Items from a data source
● ● ● ● ●

definition uninformative :: "nat \<Rightarrow> qubit set \<Rightarrow> bool" where
  "uninformative n B \<longleftrightarrow> (\<forall>\<psi>1 \<psi>2. pure_qubit \<psi>1 \<longrightarrow> pure_qubit \<psi>2 \<longrightarrow>
      (\<forall>b\<subseteq>B. \<forall>b'\<subseteq>B. rho_B n B \<psi>1 b b' = rho_B n B \<psi>2 b b'))"

definition authorized :: "nat \<Rightarrow> qubit set \<Rightarrow> bool" where
  "authorized n B \<longleftrightarrow> (\<exists>j\<in>{1..n}. QS j \<in> B \<and> QN j \<in> B \<and>
      (\<forall>i\<in>{1..n} - {j}. QS i \<in> B \<or> QN i \<in> B))"

definition partially_informative :: "nat \<Rightarrow> qubit set \<Rightarrow> bool" where
  "partially_informative n B \<longleftrightarrow> \<not> authorized n B \<and> \<not> uninformative n B"

definition bloch_y :: "(bool \<Rightarrow> complex) \<Rightarrow> complex" where
  "bloch_y \<psi> = (\<Sum>a\<in>UNIV. \<Sum>b\<in>UNIV. cnj (\<psi> a) * pauli 2 a b * \<psi> b)"

end

theory Submission
  imports Defs
begin

(* In the computational basis, the Bell pairs are correlated and every summand of U_enc either
   leaves all S_i alone or flips all of them, so the only basis states with nonzero encoded amplitude
   are those in which all pairs S_i N_i agree or all pairs differ; the amplitude depends on psi only
   through its value at the A-bit or at its flip.

   (i) If B misses the pair j, toggling A, or both qubits of pair j, permutes the traced-out
   configurations. Toggling A exchanges psi False and psi True, toggling pair j negates the parity of
   the S qubits, and the sum of the four toggled contributions sees psi only through its norm.

   (ii) If B contains one qubit of each pair, the traced-out configurations contributing to row b of
   rho_B are partner ` b (all pairs agree) and partner ` (B - b) (all pairs differ), with or without A.
   So rho_B is 2^-n times the identity except for the entries (b, B - b), which carry the factor
   (1 - (-1)^n) (1 - (-1)^p) <psi|Y|psi>, p the number of signal qubits in B: they vanish unless n
   and p are both odd. *)

definition sign_bit :: "bool \<Rightarrow> complex" where
  "sign_bit x = (if x then -1 else 1)"

lemma neg_one_power_pm1: "(-1 :: 'a :: ring_1) ^ n = 1 \<or> (-1 :: 'a) ^ n = -1"
  by (simp add: minus_one_power_iff)

lemma sign_bit_square [simp]: "sign_bit x * sign_bit x = 1"
  by (simp add: sign_bit_def)

lemma prod_sign_bit: "finite I \<Longrightarrow> (\<Prod>i\<in>I. sign_bit (P i)) = (-1) ^ card {i\<in>I. P i}"
  unfolding sign_bit_def by (simp add: prod.If_cases Int_def conj_commute)

lemma prod_if_const_0:
  fixes r :: "'a :: comm_semiring_1"
  assumes "finite I"
  shows "(\<Prod>i\<in>I. if P i then r else 0) = (if \<forall>i\<in>I. P i then r ^ card I else 0)"
  using assms by (auto simp: prod_constant intro!: prod_zero)

lemma sum_Pow_insert:
  assumes "finite A" "a \<notin> A"
  shows "(\<Sum>c\<in>Pow (insert a A). f c) = (\<Sum>c\<in>Pow A. f c + f (insert a c))"
proof -
  have "(\<Sum>c\<in>Pow (insert a A). f c) = (\<Sum>c\<in>Pow A. f c) + (\<Sum>c\<in>insert a ` Pow A. f c)"
    unfolding Pow_insert using assms by (intro sum.union_disjoint) auto
  also have "(\<Sum>c\<in>insert a ` Pow A. f c) = (\<Sum>c\<in>Pow A. f (insert a c))"
    using assms by (subst sum.reindex) (auto intro!: inj_onI simp: insert_ident)
  finally show ?thesis
    by (simp add: sum.distrib)
qed

lemma sum_Pow_sym_diff:
  "X \<subseteq> C \<Longrightarrow> (\<Sum>c\<in>Pow C. h (sym_diff c X)) = (\<Sum>c\<in>Pow C. h c)"
  by (rule sum.reindex_bij_witness[of _ "\<lambda>c. sym_diff c X" "\<lambda>c. sym_diff c X"]) auto

lemma Un_sym_diff: "b \<inter> X = {} \<Longrightarrow> b \<union> sym_diff c X = sym_diff (b \<union> c) X"
  by auto

lemma QA_in_Qall [simp]: "QA \<in> Qall n"
  by (simp add: Qall_def)

lemma finite_Qall [simp]: "finite (Qall n)"
  by (simp add: Qall_def Rn_def)

lemma QA_notin_Rn [simp]: "QA \<notin> Rn n"
  by (auto simp: Rn_def)

lemma finite_Rn: "finite (Rn n)"
  by (simp add: Rn_def)

lemma Rn_cases:
  assumes "q \<in> Rn n"
  obtains i where "i \<in> {1..n}" "q = QS i \<or> q = QN i"
  using assms by (auto simp: Rn_def)

lemma prod_Qall:
  "(\<Prod>q\<in>Qall n. h q) = h QA * (\<Prod>i\<in>{1..n}. h (QS i)) * (\<Prod>i\<in>{1..n}. h (QN i))"
proof -
  have "(\<Prod>q\<in>Qall n. h q) = h QA * ((\<Prod>q\<in>QS ` {1..n}. h q) * (\<Prod>q\<in>QN ` {1..n}. h q))"
    unfolding Qall_def Rn_def by (subst prod.insert, simp, force) (subst prod.union_disjoint; auto)
  then show ?thesis
    by (simp add: prod.reindex inj_on_def mult.assoc)
qed

section \<open>Pauli products\<close>

definition pauli_flips :: "nat \<Rightarrow> bool" where
  "pauli_flips \<mu> \<longleftrightarrow> \<mu> = 1 \<or> \<mu> = 2"

definition pauli_row_entry :: "nat \<Rightarrow> bool \<Rightarrow> complex" where
  "pauli_row_entry \<mu> a = pauli \<mu> a (a \<noteq> pauli_flips \<mu>)"

(* I and Z are diagonal and X and Y antidiagonal, so row s of a Pauli product has a single nonzero
   entry, in column pauli_row_support Q f s. *)
definition pauli_row_support :: "qubit set \<Rightarrow> (qubit \<Rightarrow> nat) \<Rightarrow> qubit set \<Rightarrow> qubit set" where
  "pauli_row_support Q f s = {q \<in> Q. (q \<in> s) \<noteq> pauli_flips (f q)}"

lemma pauli_eq_0: "b \<noteq> (a \<noteq> pauli_flips \<mu>) \<Longrightarrow> pauli \<mu> a b = 0"
  by (auto simp: pauli_def pauli_flips_def)

lemma pauli_row_entry_simps [simp]:
  "pauli_row_entry 0 a = 1" "pauli_row_entry 1 a = 1"
  "pauli_row_entry 2 a = - \<i> * sign_bit a" "pauli_row_entry 3 a = sign_bit a"
  by (auto simp: pauli_row_entry_def pauli_flips_def pauli_def sign_bit_def)

lemma sum_pauli_prod_mult:
  assumes "finite Q"
  shows "(\<Sum>t\<in>Pow Q. pauli_prod Q f s t * g t)
    = (\<Prod>q\<in>Q. pauli_row_entry (f q) (q \<in> s)) * g (pauli_row_support Q f s)"
proof -
  let ?t = "pauli_row_support Q f s"
  have "pauli_prod Q f s t = 0" if "t \<in> Pow Q - {?t}" for t
  proof -
    from that obtain q where "q \<in> Q" "(q \<in> t) \<noteq> (q \<in> ?t)"
      by (auto simp: pauli_row_support_def)
    then show ?thesis
      unfolding pauli_prod_def using assms
      by (intro prod_zero bexI[of _ q] pauli_eq_0) (auto simp: pauli_row_support_def)
  qed
  then have "(\<Sum>t\<in>Pow Q. pauli_prod Q f s t * g t) = pauli_prod Q f s ?t * g ?t"
    using assms by (subst sum.mono_neutral_right[of "Pow Q" "{?t}"])
      (auto simp: pauli_row_support_def)
  also have "pauli_prod Q f s ?t = (\<Prod>q\<in>Q. pauli_row_entry (f q) (q \<in> s))"
    unfolding pauli_prod_def pauli_row_entry_def pauli_row_support_def by (rule prod.cong) auto
  finally show ?thesis .
qed

lemma pauli_prod_Y_eq_0:
  "finite B \<Longrightarrow> q \<in> B \<Longrightarrow> (q \<in> b) = (q \<in> b') \<Longrightarrow> pauli_prod B (\<lambda>_. 2) b b' = 0"
  unfolding pauli_prod_def by (rule prod_zero) (auto simp: pauli_def)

● ● ● ● ●

* **Exercise description**: List every line from the entries above in which "then" appears.

* **Response below**:
  "sign_bit x = (if x then -1 else 1)"
  shows "(\<Prod>i\<in>I. if P i then r else 0) = (if \<forall>i\<in>I. P i then r ^ card I else 0)"
  then show ?thesis
    then show ?thesis
  then have "(\<Sum>t\<in>Pow Q. pauli_prod Q f s t * g t) = pauli_prod Q f s ?t * g ?t"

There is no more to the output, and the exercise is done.